TASK BRIEF -> Starting at the line that holds "by (auto intro!: derivative_eq_intros" and stopping at the line that holds "(- c * (f x + tanh", restate the records below word for word, with both of those lines included.

DATA TO PROCESS ->

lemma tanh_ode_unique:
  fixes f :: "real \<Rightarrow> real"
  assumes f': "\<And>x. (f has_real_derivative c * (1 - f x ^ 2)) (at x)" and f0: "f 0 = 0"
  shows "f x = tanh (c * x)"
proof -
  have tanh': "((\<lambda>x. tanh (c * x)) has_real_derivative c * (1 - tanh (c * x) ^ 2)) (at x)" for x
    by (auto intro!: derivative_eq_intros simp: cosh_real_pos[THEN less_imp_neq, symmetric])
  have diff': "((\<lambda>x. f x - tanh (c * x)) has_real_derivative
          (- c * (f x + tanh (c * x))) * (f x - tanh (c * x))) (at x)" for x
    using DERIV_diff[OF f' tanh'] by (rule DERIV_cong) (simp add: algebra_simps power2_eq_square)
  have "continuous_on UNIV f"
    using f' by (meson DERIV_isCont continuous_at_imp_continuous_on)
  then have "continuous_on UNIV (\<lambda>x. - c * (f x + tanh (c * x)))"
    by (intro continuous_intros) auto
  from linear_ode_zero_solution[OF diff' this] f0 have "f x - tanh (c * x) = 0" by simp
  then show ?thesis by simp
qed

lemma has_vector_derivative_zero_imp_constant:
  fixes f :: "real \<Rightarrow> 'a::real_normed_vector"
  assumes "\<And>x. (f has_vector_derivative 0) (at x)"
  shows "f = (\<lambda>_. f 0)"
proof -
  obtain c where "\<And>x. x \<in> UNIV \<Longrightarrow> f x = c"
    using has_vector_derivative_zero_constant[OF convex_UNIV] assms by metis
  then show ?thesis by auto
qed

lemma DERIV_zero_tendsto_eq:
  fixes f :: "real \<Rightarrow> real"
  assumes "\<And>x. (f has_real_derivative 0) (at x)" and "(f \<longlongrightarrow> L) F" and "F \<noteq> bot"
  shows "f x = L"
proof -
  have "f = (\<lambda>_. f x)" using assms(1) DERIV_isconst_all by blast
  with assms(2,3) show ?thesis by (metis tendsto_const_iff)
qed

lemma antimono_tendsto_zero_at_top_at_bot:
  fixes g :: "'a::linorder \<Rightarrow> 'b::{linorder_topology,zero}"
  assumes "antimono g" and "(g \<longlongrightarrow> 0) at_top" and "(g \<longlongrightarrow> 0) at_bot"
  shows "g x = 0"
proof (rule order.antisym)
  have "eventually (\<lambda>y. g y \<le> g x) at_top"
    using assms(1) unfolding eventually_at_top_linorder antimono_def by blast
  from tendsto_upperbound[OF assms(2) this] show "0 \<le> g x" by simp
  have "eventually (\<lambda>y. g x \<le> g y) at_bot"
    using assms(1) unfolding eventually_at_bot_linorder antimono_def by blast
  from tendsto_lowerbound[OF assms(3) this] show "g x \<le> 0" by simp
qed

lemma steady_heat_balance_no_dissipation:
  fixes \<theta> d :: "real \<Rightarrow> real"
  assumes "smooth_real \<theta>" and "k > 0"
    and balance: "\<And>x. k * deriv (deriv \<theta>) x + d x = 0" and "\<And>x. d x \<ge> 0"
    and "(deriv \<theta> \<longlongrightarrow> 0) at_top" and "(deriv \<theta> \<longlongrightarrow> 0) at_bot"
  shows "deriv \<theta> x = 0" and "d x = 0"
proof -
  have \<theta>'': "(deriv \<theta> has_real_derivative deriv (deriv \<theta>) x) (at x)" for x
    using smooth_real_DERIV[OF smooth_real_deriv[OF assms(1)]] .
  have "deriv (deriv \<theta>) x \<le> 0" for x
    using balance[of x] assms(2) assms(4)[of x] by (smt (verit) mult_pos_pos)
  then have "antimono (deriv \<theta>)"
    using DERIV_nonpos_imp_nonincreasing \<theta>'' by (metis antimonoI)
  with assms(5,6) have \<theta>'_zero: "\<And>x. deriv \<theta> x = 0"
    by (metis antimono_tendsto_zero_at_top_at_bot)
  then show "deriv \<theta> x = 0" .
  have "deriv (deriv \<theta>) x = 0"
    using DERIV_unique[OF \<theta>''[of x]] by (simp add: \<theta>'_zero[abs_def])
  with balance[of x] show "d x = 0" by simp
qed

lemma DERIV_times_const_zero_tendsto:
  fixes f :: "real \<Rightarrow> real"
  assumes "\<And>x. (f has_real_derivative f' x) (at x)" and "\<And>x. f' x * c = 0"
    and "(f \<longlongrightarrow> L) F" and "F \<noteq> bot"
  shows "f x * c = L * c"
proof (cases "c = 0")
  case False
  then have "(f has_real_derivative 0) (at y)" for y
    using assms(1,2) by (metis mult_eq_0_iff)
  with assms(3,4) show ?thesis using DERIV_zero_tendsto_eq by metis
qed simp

REPLY TO THE EXERCISE ->
    by (auto intro!: derivative_eq_intros simp: cosh_real_pos[THEN less_imp_neq, symmetric])
  have diff': "((\<lambda>x. f x - tanh (c * x)) has_real_derivative
          (- c * (f x + tanh (c * x))) * (f x - tanh (c * x))) (at x)" for x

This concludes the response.